Subject: Re: [rda-datafabric-ig] Re: [rda-datafabric-ig] draft version white paper form DFIG
All,
Right - the MD object is its own DO in its own right. It is also the case that not all DOs which exist in the role of metadata to other DOs will be known to the owners/controllers of those other DOs, e.g., annotations and reviews, and so direct links establishing all relationships among all possible related DOs is not a reasonable expectation.
Larry
Author: Larry Lannom
Date: 05 Jan, 2015
Keith,
Absolutely. And one could even help less intelligent miners by building indexes, etc.
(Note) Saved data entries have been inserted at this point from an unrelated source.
lemma eta_binomial_eq_zero_cases:
  assumes "eta n (Poly_Mapping.single \<alpha> c + Poly_Mapping.single \<beta> d) = (0 :: (nat \<times> nat, 'k::comm_ring_1) mpoly)"
  shows "c = 0 \<and> d = 0 \<or> d = - c \<and> eta_exponent n \<alpha> = eta_exponent n \<beta>"
proof -
  let ?E = "eta_exponent n"
  have "Poly_Mapping.single (?E \<alpha>) c + Poly_Mapping.single (?E \<beta>) d = (0 :: (nat \<times> nat, 'k) mpoly)"
    using assms unfolding eta_def additive.add[OF additive_subst] by (simp only: eta_single[unfolded eta_def])
  then have eta: "Poly_Mapping.lookup (Poly_Mapping.single (?E \<alpha>) c + Poly_Mapping.single (?E \<beta>) d) e = 0" for e
    by simp
  show ?thesis
  proof (cases "?E \<alpha> = ?E \<beta>")
    case False
    then show ?thesis
      using eta[of "?E \<alpha>"] eta[of "?E \<beta>"] by (simp add: lookup_add lookup_single)
  next
    case True
    then show ?thesis
      using eta[of "?E \<alpha>"] by (simp add: lookup_add eq_neg_iff_add_eq_0 add.commute)
  qed
qed

lemma ideal_pow_mult_tau_binomial_mem:
  assumes sc: "simplicial_complex n \<Delta>" and fQ: "f \<in> Q_Delta n a \<Delta>" and bin: "binomial_of_degree s f"
    and g: "g \<in> ideal_pow (margin_ideal n a (\<Inter>(facets \<Delta>))) s"
  shows "g * tau n a f \<in> (I_Delta n a \<Delta> :: (nat \<Rightarrow> nat, 'k::comm_ring_1) mpoly set)"
proof -
  obtain \<alpha> \<beta> c d where f: "f = Poly_Mapping.single \<alpha> c + Poly_Mapping.single \<beta> d"
    and deg: "mdeg \<alpha> = s" "mdeg \<beta> = s"
    using bin unfolding binomial_of_degree_def by blast
  let ?P = "\<lambda>m. (\<Prod>\<sigma>\<in>#var_mset m. xsum n a \<sigma>) :: (nat \<Rightarrow> nat, 'k) mpoly"
  let ?E = "eta_exponent n"
  have tau_f: "tau n a f = Poly_Mapping.single 0 c * ?P \<alpha> + Poly_Mapping.single 0 d * ?P \<beta>"
    unfolding f tau_def additive.add[OF additive_subst] subst_single ..
  have "eta n (Poly_Mapping.single \<alpha> c + Poly_Mapping.single \<beta> d) = 0"
    using fQ f by (simp add: Q_Delta_def)
  then have "c = 0 \<and> d = 0 \<or> d = - c \<and> ?E \<alpha> = ?E \<beta>"
    by (rule eta_binomial_eq_zero_cases)
  then have "tau n a f = 0 \<or> (c \<noteq> 0 \<and> d = - c \<and> \<alpha> \<noteq> \<beta> \<and> ?E \<alpha> = ?E \<beta>)"
    by (cases "c = 0 \<or> \<alpha> = \<beta>") (auto simp: tau_f single_uminus)
  then show ?thesis
  proof
    assume "tau n a f = 0"
    then show ?thesis using ring_module.subspace_0[OF subspace_I_Delta] by simp
  next
    assume c: "c \<noteq> 0 \<and> d = - c \<and> \<alpha> \<noteq> \<beta> \<and> ?E \<alpha> = ?E \<beta>"
    then have "\<alpha> \<in> Poly_Mapping.keys f" "\<beta> \<in> Poly_Mapping.keys f"
      by (auto simp: f in_keys_iff lookup_add lookup_single)
    then have keys: "Poly_Mapping.keys \<alpha> \<subseteq> S_vars a \<Delta>" "Poly_Mapping.keys \<beta> \<subseteq> S_vars a \<Delta>"
      using fQ unfolding Q_Delta_def vars_def by blast+
    have "g * (?P \<alpha> - ?P \<beta>) \<in> (I_Delta n a \<Delta> :: (nat \<Rightarrow> nat, 'k) mpoly set)"
      using ideal_pow_mult_monomial_diff_mem[OF sc keys] c deg g by simp
    then have "Poly_Mapping.single 0 c * (g * (?P \<alpha> - ?P \<beta>)) \<in> I_Delta n a \<Delta>"
      by (rule ring_module.subspace_scale[OF subspace_I_Delta])
    moreover have "tau n a f = Poly_Mapping.single 0 c * (?P \<alpha> - ?P \<beta>)"
      using c by (simp add: tau_f single_uminus algebra_simps)
    ultimately show ?thesis
      by (simp add: ac_simps)
  qed
qed
(* Consider (CVOP) and its associated convex projection (Pv). (1) Let (CVOP) be bounded. If $\bar X\subseteq\mathcal{X}$ is a Hausdorff-type finite $\epsilon$-infimizer of (CVOP), then $\bar S:=\{(x,\Gamma(x)):x\in\bar X\}$ is a finite $\epsilon$-solution of (Pv). (2) Let (Pv) be self-bounded with $(\operatorname{cl}Y_a)_\infty=\operatorname{cl}C$. If $\bar S\subseteq S_a$ is a finite $\epsilon$-solution of (Pv), then $\bar X:=\operatorname{proj}_x[\bar S]$ is a Hausdorff-type finite $\xi$-infimizer of (CVOP) for every $\xi>\epsilon$.
   Context: (CVOP): $\min\Gamma(x)$ w.r.t. $\le_C$ s.t. $x\in\mathcal{X}$, with $C\subseteq\mathbb{R}^m$ a non-trivial pointed solid convex cone, $\mathcal{X}\subseteq\mathbb{R}^n$ convex, $\Gamma$ $C$-convex; upper image $\mathcal{G}=\operatorname{cl}(\Gamma[\mathcal{X}]+C)$; bounded means $\mathcal{G}\subseteq\{q\}+C$ for some $q$. Fix a $p$-norm $\|\cdot\|$ with closed balls $B_\epsilon$. Hausdorff distance $d_H(A_1,A_2)=\max\{\sup_{a_1\in A_1}\inf_{a_2\in A_2}\|a_1-a_2\|,\sup_{a_2\in A_2}\inf_{a_1\in A_1}\|a_1-a_2\|\}$. A nonempty finite $\bar X\subseteq\mathcal{X}$ is a Hausdorff-type finite $\epsilon$-infimizer of bounded (CVOP) if $d_H(\mathcal{G},\operatorname{conv}\Gamma[\bar X]+C)\le\epsilon$. (Pv): compute $Y_a=\operatorname{proj}_y[S_a]$ with $S_a=\{(x,y):x\in\mathcal{X},y\in\Gamma(x)+C\}$. Recession cone $A_\infty=\{y:x+\lambda y\in A\ \forall x\in A,\lambda\ge0\}$. (Pv) is self-bounded if $Y_a\ne\mathbb{R}^m$ and $Y_a\subseteq\operatorname{conv}\{y^{(1)},\dots,y^{(k)}\}+(\operatorname{cl}Y_a)_\infty$ for finitely many points; a nonempty finite $\bar S\subseteq S_a$ is a finite $\epsilon$-solution of self-bounded (Pv) if $Y_a\subseteq\operatorname{conv}\operatorname{proj}_y[\bar S]+(\operatorname{cl}Y_a)_\infty+B_\epsilon$. $\operatorname{proj}_x(x,y)=x$. *)

theory Defs
  imports "HOL-Analysis.Analysis"
begin

definition pnorm :: "ereal \<Rightarrow> real^'m \<Rightarrow> real" where
  "pnorm p y = (if p = \<infinity> then Max (range (\<lambda>i. \<bar>y $ i\<bar>))
               else (\<Sum>i\<in>UNIV. \<bar>y $ i\<bar> powr real_of_ereal p) powr (1 / real_of_ereal p))"

definition pball :: "ereal \<Rightarrow> real \<Rightarrow> (real^'m) set" where
  "pball p eps = {y. pnorm p y \<le> eps}"

definition msum :: "('a::plus) set \<Rightarrow> 'a set \<Rightarrow> 'a set" where
  "msum A B = {a + b | a b. a \<in> A \<and> b \<in> B}"

definition hdist_p :: "ereal \<Rightarrow> (real^'m) set \<Rightarrow> (real^'m) set \<Rightarrow> ereal" where
  "hdist_p p A1 A2 = max (SUP a1\<in>A1. INF a2\<in>A2. ereal (pnorm p (a1 - a2)))
                         (SUP a2\<in>A2. INF a1\<in>A1. ereal (pnorm p (a1 - a2)))"

definition rec_cone :: "('a::real_vector) set \<Rightarrow> 'a set" where
  "rec_cone A = {y. \<forall>x\<in>A. \<forall>t::real. t \<ge> 0 \<longrightarrow> x + t *\<^sub>R y \<in> A}"

definition ordering_cone :: "(real^'m) set \<Rightarrow> bool" where
  "ordering_cone C \<longleftrightarrow> convex_cone C \<and> C \<noteq> {0} \<and> C \<noteq> UNIV
     \<and> C \<inter> uminus ` C = {0} \<and> interior C \<noteq> {}"

definition C_convex :: "(real^'m) set \<Rightarrow> (real^'n) set \<Rightarrow> (real^'n \<Rightarrow> real^'m) \<Rightarrow> bool" where
  "C_convex C X \<Gamma> \<longleftrightarrow> (\<forall>x\<in>X. \<forall>x'\<in>X. \<forall>t::real. 0 \<le> t \<and> t \<le> 1 \<longrightarrow>
      t *\<^sub>R \<Gamma> x + (1 - t) *\<^sub>R \<Gamma> x' - \<Gamma> (t *\<^sub>R x + (1 - t) *\<^sub>R x') \<in> C)"

definition upper_image :: "(real^'m) set \<Rightarrow> (real^'n) set \<Rightarrow> (real^'n \<Rightarrow> real^'m) \<Rightarrow> (real^'m) set" where
  "upper_image C X \<Gamma> = closure (msum (\<Gamma> ` X) C)"

definition cvop_bounded :: "(real^'m) set \<Rightarrow> (real^'n) set \<Rightarrow> (real^'n \<Rightarrow> real^'m) \<Rightarrow> bool" where
  "cvop_bounded C X \<Gamma> \<longleftrightarrow> (\<exists>q. upper_image C X \<Gamma> \<subseteq> msum {q} C)"

definition hausdorff_infimizer ::
  "ereal \<Rightarrow> real \<Rightarrow> (real^'m) set \<Rightarrow> (real^'n) set \<Rightarrow> (real^'n \<Rightarrow> real^'m) \<Rightarrow> (real^'n) set \<Rightarrow> bool" where
  "hausdorff_infimizer p eps C X \<Gamma> Xb \<longleftrightarrow> Xb \<noteq> {} \<and> finite Xb \<and> Xb \<subseteq> X \<and>
     hdist_p p (upper_image C X \<Gamma>) (msum (convex hull (\<Gamma> ` Xb)) C) \<le> ereal eps"

definition S_a :: "(real^'m) set \<Rightarrow> (real^'n) set \<Rightarrow> (real^'n \<Rightarrow> real^'m) \<Rightarrow> ((real^'n) \<times> (real^'m)) set" where
  "S_a C X \<Gamma> = {(x, y). x \<in> X \<and> y \<in> msum {\<Gamma> x} C}"

definition Y_a :: "(real^'m) set \<Rightarrow> (real^'n) set \<Rightarrow> (real^'n \<Rightarrow> real^'m) \<Rightarrow> (real^'m) set" where
  "Y_a C X \<Gamma> = snd ` S_a C X \<Gamma>"

definition self_bounded :: "(real^'m) set \<Rightarrow> (real^'n) set \<Rightarrow> (real^'n \<Rightarrow> real^'m) \<Rightarrow> bool" where
  "self_bounded C X \<Gamma> \<longleftrightarrow> Y_a C X \<Gamma> \<noteq> UNIV \<and>
     (\<exists>P. finite P \<and> Y_a C X \<Gamma> \<subseteq> msum (convex hull P) (rec_cone (closure (Y_a C X \<Gamma>))))"

definition finite_eps_solution ::
  "ereal \<Rightarrow> real \<Rightarrow> (real^'m) set \<Rightarrow> (real^'n) set \<Rightarrow> (real^'n \<Rightarrow> real^'m) \<Rightarrow> ((real^'n) \<times> (real^'m)) set \<Rightarrow> bool" where
  "finite_eps_solution p eps C X \<Gamma> Sb \<longleftrightarrow> Sb \<noteq> {} \<and> finite Sb \<and> Sb \<subseteq> S_a C X \<Gamma> \<and>
     Y_a C X \<Gamma> \<subseteq> msum (msum (convex hull (snd ` Sb)) (rec_cone (closure (Y_a C X \<Gamma>)))) (pball p eps)"

end

theory Submission
  imports Defs
begin

text \<open>
  Both parts compare the upper image \<open>G = cl Y\<^sub>a\<close> with the sets \<open>K + C\<close>, where \<open>K\<close> is the
  convex hull of finitely many image points. Since \<open>Y\<^sub>a + C \<subseteq> Y\<^sub>a\<close>, the closure of \<open>C\<close> lies in
  the recession cone of \<open>G\<close>; since \<open>K\<close> is compact, \<open>K + cl C\<close> is closed and lies between
  \<open>K + C\<close> and its closure, so p-norm distances to \<open>K + C\<close> are attained on \<open>K + cl C\<close>.

  (1) The Hausdorff bound puts every \<open>y \<in> Y\<^sub>a\<close> within \<open>\<epsilon>\<close> of a point of \<open>K + cl C\<close>, and
  \<open>cl C\<close> is part of the recession cone; self-boundedness comes from \<open>G \<subseteq> q + C\<close>.

  (2) Every solution point lies in \<open>\<Gamma>(x) + C\<close>, so by convexity the hull of the solution points
  lies in \<open>K + C\<close>; hence \<open>Y\<^sub>a\<close>, and as the covering set is closed also \<open>G\<close>, lies in
  \<open>K + cl C + B\<^sub>\<epsilon>\<close>, every point of which is within \<open>\<epsilon>\<close> of \<open>K + C\<close>. Conversely \<open>K + C \<subseteq> Y\<^sub>a\<close>
  by \<open>C\<close>-convexity of \<open>\<Gamma>\<close>. The bound obtained is \<open>\<epsilon>\<close> itself.
\<close>

subsection \<open>Minkowski sums and recession cones\<close>

lemma msum_eq_set_plus: "msum A B = A + B"
  by (auto simp: msum_def set_plus_def)

lemma closed_compact_closed_set_plus:
  fixes A B :: "'a::real_normed_vector set"
  assumes "compact A" "closed B"
  shows "closed (A + B)"
proof -
  have "A + B = (\<Union>x\<in>A. \<Union>y\<in>B. {x + y})"
    by (auto simp: set_plus_def)
  then show ?thesis
    using compact_closed_sums[OF assms] by simp
qed

lemma convex_cone_set_plus_subset: "convex_cone C \<Longrightarrow> C + C \<subseteq> C"
  by (auto simp: set_plus_def convex_cone_add)

lemma convex_cone_closure_set_plus_subset:
  fixes C :: "'a::real_normed_vector set"
  assumes "convex_cone C"
  shows "closure C + closure C \<subseteq> closure C"
  using closure_sum[of C C] closure_mono[OF convex_cone_set_plus_subset[OF assms]] by blast

lemma closure_cone_subset_rec_cone_closure:
  fixes A C :: "'a::real_normed_vector set"
  assumes C: "convex_cone C" and AC: "A + C \<subseteq> A"
  shows "closure C \<subseteq> rec_cone (closure A)"
proof
  fix y assume y: "y \<in> closure C"
  have "x + t *\<^sub>R y \<in> closure A" if x: "x \<in> closure A" and t: "0 \<le> t" for x t
  proof -
    have "t *\<^sub>R y \<in> closure ((*\<^sub>R) t ` C)"
      using y closure_scaleR[of t C] by blast
    also have "\<dots> \<subseteq> closure C"
      using convex_cone_scaleR[OF C t] by (intro closure_mono) auto
    finally have "x + t *\<^sub>R y \<in> closure A + closure C"
      using x by blast
    also have "\<dots> \<subseteq> closure A"
      using closure_sum[of A C] closure_mono[OF AC] by blast
    finally show ?thesis .
  qed
  then show "y \<in> rec_cone (closure A)"
    by (simp add: rec_cone_def)
qed

subsection \<open>The p-norm\<close>

lemma pnorm_uminus [simp]: "pnorm p (- v) = pnorm p v"
  unfolding pnorm_def by simp

lemma pnorm_minus_commute: "pnorm p (a - b) = pnorm p (b - a)"
  by (metis pnorm_uminus minus_diff_eq)

lemma pnorm_0 [simp]: "pnorm p 0 = 0"
  unfolding pnorm_def by simp

lemma abs_component_le_pnorm:
  assumes p: "1 \<le> p"
  shows "\<bar>v $ i\<bar> \<le> pnorm p v"
proof (cases "p = \<infinity>")
  case True
  then show ?thesis
    unfolding pnorm_def by (auto intro: Max_ge)
next
  case False
  define r where "r = real_of_ereal p"
  have r: "1 \<le> r"
    using p False unfolding r_def by (cases p) auto
  have "\<bar>v $ i\<bar> = (\<bar>v $ i\<bar> powr r) powr (1 / r)"
    using r by (simp add: powr_powr)
  also have "\<dots> \<le> (\<Sum>j\<in>UNIV. \<bar>v $ j\<bar> powr r) powr (1 / r)"
    using r by (intro powr_mono2 member_le_sum) auto
  finally show ?thesis
    using False unfolding pnorm_def r_def by simp
qed

lemma pnorm_nonneg: "1 \<le> p \<Longrightarrow> 0 \<le> pnorm p v"
  using abs_component_le_pnorm abs_ge_zero order_trans by blast

lemma norm_le_card_mult_pnorm:
  fixes v :: "real^'m"
  assumes "1 \<le> p"
  shows "norm v \<le> real CARD('m) * pnorm p v"
proof -
  have "norm v \<le> (\<Sum>i\<in>UNIV. \<bar>v $ i\<bar>)"
    by (rule norm_le_l1_cart)
  also have "\<dots> \<le> (\<Sum>i\<in>(UNIV::'m set). pnorm p v)"
    using abs_component_le_pnorm[OF assms] by (intro sum_mono) auto
  finally show ?thesis
    by simp
qed

lemma continuous_on_pnorm:
  assumes p: "1 \<le> p" and f: "continuous_on S f"
  shows "continuous_on S (\<lambda>x. pnorm p (f x :: real^'m))"
proof -
  have "continuous_on UNIV (pnorm p :: real^'m \<Rightarrow> real)"
  proof (cases "p = \<infinity>")
    case True
    have le: "pnorm p y \<le> pnorm p z + norm (y - z)" for y z :: "real^'m"
    proof -
      have "\<bar>y $ i\<bar> \<le> pnorm p z + norm (y - z)" for i
        using abs_component_le_pnorm[OF p, of z i] component_le_norm_cart[of "y - z" i] by auto
      then show ?thesis
        using True unfolding pnorm_def by (auto simp: Max_le_iff)
    qed
    have "1-lipschitz_on UNIV (pnorm p :: real^'m \<Rightarrow> real)"
    proof (rule lipschitz_onI)
      fix y z :: "real^'m"
      show "dist (pnorm p y) (pnorm p z) \<le> 1 * dist y z"
        using le[of y z] le[of z y] by (auto simp: dist_real_def dist_norm norm_minus_commute)
    qed simp
    then show ?thesis
      by (rule lipschitz_on_continuous_on)
  next
    case False
    define r where "r = real_of_ereal p"
    have r: "1 \<le> r"
      using p False unfolding r_def by (cases p) auto
    have "continuous_on UNIV (\<lambda>v::real^'m. (\<Sum>j\<in>UNIV. \<bar>v $ j\<bar> powr r) powr (1 / r))"
      using r by (intro continuous_on_powr' continuous_intros) (auto intro: sum_nonneg)
    then show ?thesis
      using False unfolding pnorm_def r_def by simp
  qed
  then show ?thesis
    using continuous_on_compose2[OF _ f] by blast
qed

lemma bounded_pnorm_le:
  assumes "1 \<le> p"
  shows "bounded {v :: real^'m. pnorm p (y - v) \<le> r}"
  unfolding bounded_iff
proof (intro exI ballI)
  fix v assume "v \<in> {v :: real^'m. pnorm p (y - v) \<le> r}"
  then have "norm (y - v) \<le> real CARD('m) * r"
    using norm_le_card_mult_pnorm[OF assms, of "y - v"] by (simp add: order_trans)
  then show "norm v \<le> norm y + real CARD('m) * r"
    using norm_triangle_sub[of v y] by (simp add: norm_minus_commute)
qed

lemma compact_pball:
  assumes p: "1 \<le> p"
  shows "compact (pball p r :: (real^'m) set)"
proof -
  have "closed (pball p r :: (real^'m) set)"
    unfolding pball_def
    by (intro closed_Collect_le continuous_on_pnorm[OF p] continuous_on_id continuous_on_const)
  moreover have "bounded (pball p r :: (real^'m) set)"
    using bounded_pnorm_le[OF p, of 0 r] by (simp add: pball_def)
  ultimately show ?thesis
    by (simp add: compact_eq_bounded_closed)
qed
I believe the key is being able to rely on the identifiers and associated metadata of any and all DOs to dynamically build the network of relationships as needed.
Best,
Larry
Author: Keith Jeffery
Date: 05 Jan, 2015
Larry
As usual we are in accord
Best
Keith
----------------------------------------------------------------------------------------------------------
Keith G Jeffery Consultants
Prof Keith G Jeffery
E: ***@***.***
T: +44 7768 446088
S: keithgjeffery
Past President ERCIM www.ercim.eu (***@***.***)
Past President euroCRIS www.eurocris.org
Past Vice President VLDB www.vldb.org
Fellow (CITP, CEng) BCS www.bcs.org
Co-chair RDA MIG https://rd-alliance.org/internal-groups/metadata-ig.html
Co-chair RDA MSDWG https://rd-alliance.org/working-groups/metadata-standards-directory-work...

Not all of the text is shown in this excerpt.